1-2: Isentropic expansion in turbine

2-3: Isothermal heat rejection in condenser

3-4: Isentropic compression in pump

4-1: Isothermal heat addition in boiler

The T-s diagram for an ideal Rankine cycle is as follows:

Fundamentals

Write the equation for the thermal efficiency of the cycle is:

$\eta = \frac{{{{\dot W}_t} - {{\dot W}_p}}}{{{{\dot Q}_{in}}}}$

Here, the work done by the turbine is ${\dot W_t}$ , the work done on the pump is ${\dot W_p}$ , and the heat input to the boiler is ${\dot Q_{in}}$ .

Write the equation for the back work ratio:

${\rm{bwr}} = \frac{{{{\dot W}_p}}}{{{{\dot W}_t}}}$

The mass flow rate of the steam is as follows::

$\dot m = \frac{{{{\dot W}_{{\rm{cycle}}}}}}{{{{\dot W}_t} - {{\dot W}_p}}}$

The rate of heat transfer as the fluid passes through boiler is as follows:

${\dot Q_{in}} = \dot m\left( {{h_1} - {h_4}} \right)$

The rate of heat transfer as the fluid passes through condenser is as follows:

${\dot Q_{out}} = \dot m\left( {{h_2} - {h_3}} \right)$

State 1:

Obtain the properties corresponding to ${p_1} = 8{\rm{ MPa}}$ and ${x_1} = 1$ (saturated vapour) from the Table, "Saturated water- Pressure table."

Specific enthalpy at state 1, ${h_1} = {h_g} = 2758.0{\rm{ kJ/kg}}$

Specific entropy at state 1, ${s_1} = {s_g} = 5.7432{\rm{ kJ/kg}} \cdot {\rm{K}}$

State 2:

Since, the process 1-2 is isentropic,

$\begin{array}{c}\\{s_2} = {s_1}\\\\ = 5.7432{\rm{ kJ/kg}} \cdot {\rm{K}}\\\end{array}$

Obtain the properties corresponding to ${p_2} = 8{\rm{ kPa}}$ and ${s_2} = 5.7432{\rm{ kJ/kg}} \cdot {\rm{K}}$ (saturated vapour) from the Table, "Saturated water- Pressure table."

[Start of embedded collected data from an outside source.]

lemma walk_cycle_arc: "0 < n \<Longrightarrow> walk (cycle_adj n) (map (\<lambda>j. (x + j) mod n) [0..<Suc d])"
  unfolding walk_def by (auto simp: cycle_adj_mod_Suc simp del: upt_Suc)

lemma gdist_cycle_arc_le:
  assumes "0 < n" and "\<And>u v. cycle_adj n u v \<Longrightarrow> E u v"
  shows "gdist E (x mod n) ((x + d) mod n) \<le> d"
  by (rule gdist_le_walk[OF walk_mono[OF walk_cycle_arc[OF assms(1)] assms(2)]])
    (simp_all add: hd_map last_map del: upt_Suc)

lemma odd_add_Suc_mod_even:
  assumes "even n" "u < n"
  shows "odd (u + Suc u mod n)"
proof (cases "Suc u < n")
  case False
  then have "Suc u = n" using assms(2) by simp
  then show ?thesis using assms(1) by auto
qed simp

lemma cycle_adj_odd_sum: "even n \<Longrightarrow> cycle_adj n u v \<Longrightarrow> odd (u + v)"
  unfolding cycle_adj_def using odd_add_Suc_mod_even by (metis Suc_eq_plus1 add.commute)

lemma walk_even_cycle_parity:
  assumes "even n" "walk (cycle_adj n) xs"
  shows "i < length xs \<Longrightarrow> even (xs ! 0 + xs ! i + i)"
proof (induction i)
  case (Suc i)
  have "odd (xs ! i + xs ! Suc i)"
    using assms Suc.prems cycle_adj_odd_sum unfolding walk_def by blast
  with Suc show ?case by presburger
qed simp

lemma gdist_even_cycle_parity:
  assumes "even n" "a < n" "b < n"
  shows "even (a + b + gdist (cycle_adj n) a b)"
proof -
  have "0 < n"
    using assms(2) by simp
  define d where "d = (b + n - a) mod n"
  have "(a + d) mod n = (a + (b + n - a)) mod n"
    unfolding d_def by (simp add: mod_add_right_eq)
  also have "\<dots> = b"
    using assms(2,3) by simp
  finally have "last (map (\<lambda>j. (a + j) mod n) [0..<Suc d]) = b"
    by (simp add: last_map del: upt_Suc)
  moreover have "hd (map (\<lambda>j. (a + j) mod n) [0..<Suc d]) = a"
    using assms(2) by (simp add: hd_map del: upt_Suc)
  ultimately obtain xs where xs: "walk (cycle_adj n) xs" "hd xs = a" "last xs = b"
      "length xs = Suc (gdist (cycle_adj n) a b)"
    using shortest_walk_exists[OF walk_cycle_arc[OF \<open>0 < n\<close>]] by blast
  have "xs \<noteq> []"
    using xs(4) by auto
  then have "xs ! 0 = a" "xs ! gdist (cycle_adj n) a b = b"
    using xs(2-4) hd_conv_nth[of xs] last_conv_nth[of xs] by simp_all
  then show ?thesis
    using walk_even_cycle_parity[OF assms(1) xs(1), of "gdist (cycle_adj n) a b"] xs(4) by simp
qed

Specific entropy of saturated liquid at state 2, ${s_f} = 0.5926{\rm{ kJ/kg}} \cdot {\rm{K}}$

Specific entropy of liquid-vapour phase at state 2, ${s_{fg}} = 7.6361{\rm{ kJ/kg}} \cdot {\rm{K}}$

Specific enthalpy of saturated liquid at state 2, ${h_f} = 173.88{\rm{ kJ/kg}}$

Specific enthalpy liquid-vapour phase at state 2, ${h_{fg}} = 2403.1{\rm{ kJ/kg}}$

Calculate the quality of steam at state 2:

${s_2} = {s_f} + {x_2}{s_{fg}}$

Substitute $5.7432{\rm{ kJ/kg}} \cdot {\rm{K}}$ ${s_2}$ , $0.5926{\rm{ kJ/kg}} \cdot {\rm{K}}$ for ${s_f}$ , and $7.6361{\rm{ kJ/kg}} \cdot {\rm{K}}$ for ${s_{fg}}$ .

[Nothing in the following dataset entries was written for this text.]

lemma spread_config_mono:
  assumes "spread_config v A m'" and "m \<le> m'"
  shows "spread_config v A m"
proof -
  obtain X \<rho> l where X: "finite X" "X \<subseteq> A" "2 \<le> card X" "0 < \<rho>"
    and sep: "\<forall>x\<in>X. \<forall>y\<in>X. x \<noteq> y \<longrightarrow> \<rho> < \<bar>v x - v y\<bar>"
    and diam: "\<forall>x\<in>X. \<forall>y\<in>X. \<bar>v x - v y\<bar> < l"
    and many: "m' * l < real (card X) ^ 2 * \<rho>"
    using assms(1) unfolding spread_config_def by (elim exE conjE) (rule that)
  have "\<not> card X \<le> Suc 0" using X(3) by simp
  then obtain x y where "x \<in> X" "y \<in> X" "x \<noteq> y"
    using card_le_Suc0_iff_eq[OF X(1)] by blast
  then have "\<rho> < \<bar>v x - v y\<bar>" "\<bar>v x - v y\<bar> < l" using sep diam by auto
  then have "0 < l" using X(4) by linarith
  then have "m * l < real (card X) ^ 2 * \<rho>"
    using many assms(2) mult_right_mono[of m m' l] by linarith
  then show ?thesis unfolding spread_config_def using X sep diam by blast
qed

lemma open_spread_config:
  fixes f :: "'b::topological_space \<Rightarrow> 'a \<Rightarrow> real"
  assumes cont: "\<And>x. continuous_on UNIV (\<lambda>t. f t x)"
  shows "open {t. spread_config (f t) A m}"
proof -
  define admissible where "admissible = {(X, \<rho>, l). finite X \<and> X \<subseteq> A \<and> 2 \<le> card X \<and> 0 < \<rho> \<and>
      m * l < real (card X) ^ 2 * \<rho>}"
  define S where "S X \<rho> l = (\<Inter>x\<in>X. \<Inter>y\<in>X.
      {t. (x \<noteq> y \<longrightarrow> \<rho> < \<bar>f t x - f t y\<bar>) \<and> \<bar>f t x - f t y\<bar> < l})" for X \<rho> l
  have pair_open: "open {t. (x \<noteq> y \<longrightarrow> \<rho> < \<bar>f t x - f t y\<bar>) \<and> \<bar>f t x - f t y\<bar> < l}" for x y \<rho> l
  proof -
    have dist_cont: "continuous_on UNIV (\<lambda>t. \<bar>f t x - f t y\<bar>)"
      by (intro continuous_intros cont)
    have "open {t. \<rho> < \<bar>f t x - f t y\<bar>}" "open {t. \<bar>f t x - f t y\<bar> < l}"
      by (auto intro!: open_Collect_less dist_cont continuous_on_const)
    then show ?thesis by (cases "x = y") (auto simp: Collect_conj_eq)
  qed
  have "{t. spread_config (f t) A m} = (\<Union>(X, \<rho>, l) \<in> admissible. S X \<rho> l)"
  proof (intro equalityI subsetI)
    fix t assume "t \<in> {t. spread_config (f t) A m}"
    then obtain X \<rho> l where "(X, \<rho>, l) \<in> admissible" "t \<in> S X \<rho> l"
      unfolding spread_config_def admissible_def S_def by auto
    then show "t \<in> (\<Union>(X, \<rho>, l) \<in> admissible. S X \<rho> l)" by blast
  next
    fix t assume "t \<in> (\<Union>(X, \<rho>, l) \<in> admissible. S X \<rho> l)"
    then obtain X \<rho> l where "(X, \<rho>, l) \<in> admissible" "t \<in> S X \<rho> l" by blast
    then show "t \<in> {t. spread_config (f t) A m}"
      unfolding spread_config_def admissible_def S_def by blast
  qed
  moreover have "open (S X \<rho> l)" if "(X, \<rho>, l) \<in> admissible" for X \<rho> l
    using that pair_open unfolding S_def admissible_def by (intro open_INT) auto
  ultimately show ?thesis by (auto intro: open_UN)
qed

lemma card_sq_mul_separation_gt:
  assumes X: "3 * N \<le> 4 * card X" and N: "(1/r) ^ 2 < real N" and r: "0 < r" and \<delta>: "0 < \<delta>"
  shows "9 * \<delta> / (256 * r) < real (card X) ^ 2 * (\<delta> * r / (16 * N))"
proof -
  have "0 < real N" using N zero_le_power2[of "1/r"] by linarith
  have "9 * \<delta> / (256 * r) < 9 * \<delta> * (real N * r) / 256"
    using N r \<delta> by (simp add: field_simps power2_eq_square)
  also have "\<dots> = (3/4 * real N) ^ 2 * (\<delta> * r / (16 * N))"
    using \<open>0 < real N\<close> by (simp add: field_simps power2_eq_square)
  also have "\<dots> \<le> real (card X) ^ 2 * (\<delta> * r / (16 * N))"
    using X r \<delta> by (intro mult_right_mono power_mono) auto
  finally show ?thesis .
qed
definition diagonal_closed :: "('a \<Rightarrow> 'a) set \<Rightarrow> bool" where
  "diagonal_closed M \<longleftrightarrow>
     (\<forall>F. (\<forall>a. F a \<in> M) \<and> (\<forall>b. (\<lambda>a. F a b) \<in> M) \<longrightarrow> (\<lambda>a. F a a) \<in> M)"

lemma diagonal_closedD:
  "diagonal_closed M \<Longrightarrow> (\<And>a. F a \<in> M) \<Longrightarrow> (\<And>b. (\<lambda>a. F a b) \<in> M) \<Longrightarrow> (\<lambda>a. F a a) \<in> M"
  unfolding diagonal_closed_def by blast

lemma diagonal_closed_iff_star:
  "diagonal_closed M \<longleftrightarrow> (\<forall>f. (2, f) \<in> star M \<longrightarrow> (\<lambda>x. f [x, x]) \<in> M)"
proof (intro iffI allI impI)
  fix f assume diag: "diagonal_closed M" and "(2, f) \<in> star M"
  then have "(\<forall>a. (\<lambda>b. f [a, b]) \<in> M) \<and> (\<forall>b. (\<lambda>a. f [a, b]) \<in> M)"
    unfolding star_binary_iff by blast
  then show "(\<lambda>x. f [x, x]) \<in> M"
    using diagonal_closedD[OF diag, of "\<lambda>a b. f [a, b]"] by simp
next
  assume bin: "\<forall>f. (2, f) \<in> star M \<longrightarrow> (\<lambda>x. f [x, x]) \<in> M"
  show "diagonal_closed M"
    unfolding diagonal_closed_def
  proof (intro allI impI)
    fix F :: "'a \<Rightarrow> 'a \<Rightarrow> 'a" assume "(\<forall>a. F a \<in> M) \<and> (\<forall>b. (\<lambda>a. F a b) \<in> M)"
    then have "(2, \<lambda>xs. F (xs ! 0) (xs ! 1)) \<in> star M"
      unfolding star_binary_iff by simp
    from bin[rule_format, OF this] show "(\<lambda>a. F a a) \<in> M" by simp
  qed
qed

lemma is_monoid_comp: "is_monoid M \<Longrightarrow> f \<in> M \<Longrightarrow> g \<in> M \<Longrightarrow> f \<circ> g \<in> M"
  unfolding is_monoid_def by blast

lemma star_superposition:
  assumes mon: "is_monoid M" and diag: "diagonal_closed M"
  shows "(n, f) \<in> star M \<Longrightarrow> length us = n \<Longrightarrow> set us \<subseteq> M \<Longrightarrow>
    (\<lambda>x. f (map (\<lambda>u. u x) us)) \<in> M"
proof (induction us arbitrary: n f)
  case Nil
  then show ?case using star_arity_pos by fastforce
next
  case (Cons u us)
  then have u: "u \<in> M" and f: "(Suc (length us), f) \<in> star M" by auto
  have col: "(\<lambda>y. f (u y # map (\<lambda>v. v z) us)) \<in> M" for z
  proof -
    have "(\<lambda>x. f (x # map (\<lambda>v. v z) us)) \<in> M"
      using star_translation_mem[OF f, of "undefined # map (\<lambda>v. v z) us" 0] by simp
    from is_monoid_comp[OF mon this u] show ?thesis by (simp add: comp_def)
  qed
  show ?case
  proof (cases "us = []")
    case True
    with col show ?thesis by simp
  next
    case False
    then have "1 \<le> length us" by (simp add: Suc_le_eq)
    have row: "(\<lambda>z. f (u y # map (\<lambda>v. v z) us)) \<in> M" for y
      using Cons.IH[OF star_fix_first_arg[OF f \<open>1 \<le> length us\<close>]] Cons.prems by simp
    from diagonal_closedD[OF diag row col] show ?thesis by simp
  qed
qed

lemma is_clone_proj: "is_clone F \<Longrightarrow> 1 \<le> n \<Longrightarrow> i < n \<Longrightarrow> (n, \<lambda>xs. xs ! i) \<in> F"
  unfolding is_clone_def by simp

lemma is_clone_comp:
  "is_clone F \<Longrightarrow> (n, f) \<in> F \<Longrightarrow> 1 \<le> m \<Longrightarrow> length gs = n \<Longrightarrow> \<forall>g\<in>set gs. (m, g) \<in> F \<Longrightarrow>
    (m, \<lambda>xs. f (map (\<lambda>g. g xs) gs)) \<in> F"
  unfolding is_clone_def by simp

lemma is_clone_Inter:
  assumes "S \<noteq> {}" and "\<And>F. F \<in> S \<Longrightarrow> is_clone F"
  shows "is_clone (\<Inter>S)"
  using assms unfolding is_clone_def by (simp, blast)

lemma star_Inter: "S \<noteq> {} \<Longrightarrow> star (\<Inter>S) = \<Inter>(star ` S)"
  unfolding star_def by auto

$\begin{array}{l}\\5.7432 = 0.5926 + {x_2}\left( {7.6361} \right)\\\\{x_2} = \frac{{5.7432 - 0.5926}}{{7.6361}}\\\\{x_2} = 0.6745\\\end{array}$

Calculate the specific enthalpy at state 2:

${h_2} = {h_f} + {x_2}{h_{fg}}$

Substitute $173.88{\rm{ kJ/kg}}$ for ${h_f}$ , $0.6745$ for ${x_2}$ , and $2403.1{\rm{ kJ/kg}}$ for ${h_{fg}}$ .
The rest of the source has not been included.